__What is required__
Here is a block of records. Copy every line in it that includes "dimension".

__Information supplied__
══════════

(* Let $k>t$ and $n>2k-t$, and let $\Gamma$ be a $(t+2)$-space in $\mathrm{PG}(n,q)$. Let $\mathcal{S}$ be the set of all $k$-spaces of $\mathrm{PG}(n,q)$ meeting $\Gamma$ in at least a $(t+1)$-space. Then $\mathcal{S}$ is a maximal set of $k$-spaces pairwise intersecting in at least a $t$-space, and \[|\mathcal{S}|=\left[{n-t-2\atop k-t-2}\right]_q\left(1+\theta_{t+2}q^{k-t-1}\frac{q^{n-k}-1}{q^{k-t-1}-1}\right).\]
   Context: $k$-spaces are projective subspaces of dimension $k$; "intersecting in at least a $t$-space" means the intersection has projective dimension at least $t$. Maximal means no further $k$-space can be added while keeping the property. $\left[{n\atop k}\right]_q=\frac{(q^n-1)\cdots(q^{n-k+1}-1)}{(q^k-1)\cdots(q-1)}$ for $k>0$, $=1$ for $k=0$; $\theta_m=\frac{q^{m+1}-1}{q-1}$. *)

theory Defs
  imports "HOL-Analysis.Analysis"
begin

text \<open>PG(n,q) is modelled by the vector space 'a^'m over the finite field 'a
  (q = CARD('a)), with CARD('m) = n+1. A projective k-space is a vector
  subspace of (vector) dimension k+1.\<close>

definition pspace :: "nat \<Rightarrow> ('a::field ^ 'm) set \<Rightarrow> bool" where
  "pspace k S \<longleftrightarrow> vec.subspace S \<and> vec.dim S = k + 1"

══════════

__Answer space__
   Context: $k$-spaces are projective subspaces of dimension $k$; "intersecting in at least a $t$-space" means the intersection has projective dimension at least $t$. Maximal means no further $k$-space can be added while keeping the property. $\left[{n\atop k}\right]_q=\frac{(q^n-1)\cdots(q^{n-k+1}-1)}{(q^k-1)\cdots(q-1)}$ for $k>0$, $=1$ for $k=0$; $\theta_m=\frac{q^{m+1}-1}{q-1}$. *)
  subspace of (vector) dimension k+1.\<close>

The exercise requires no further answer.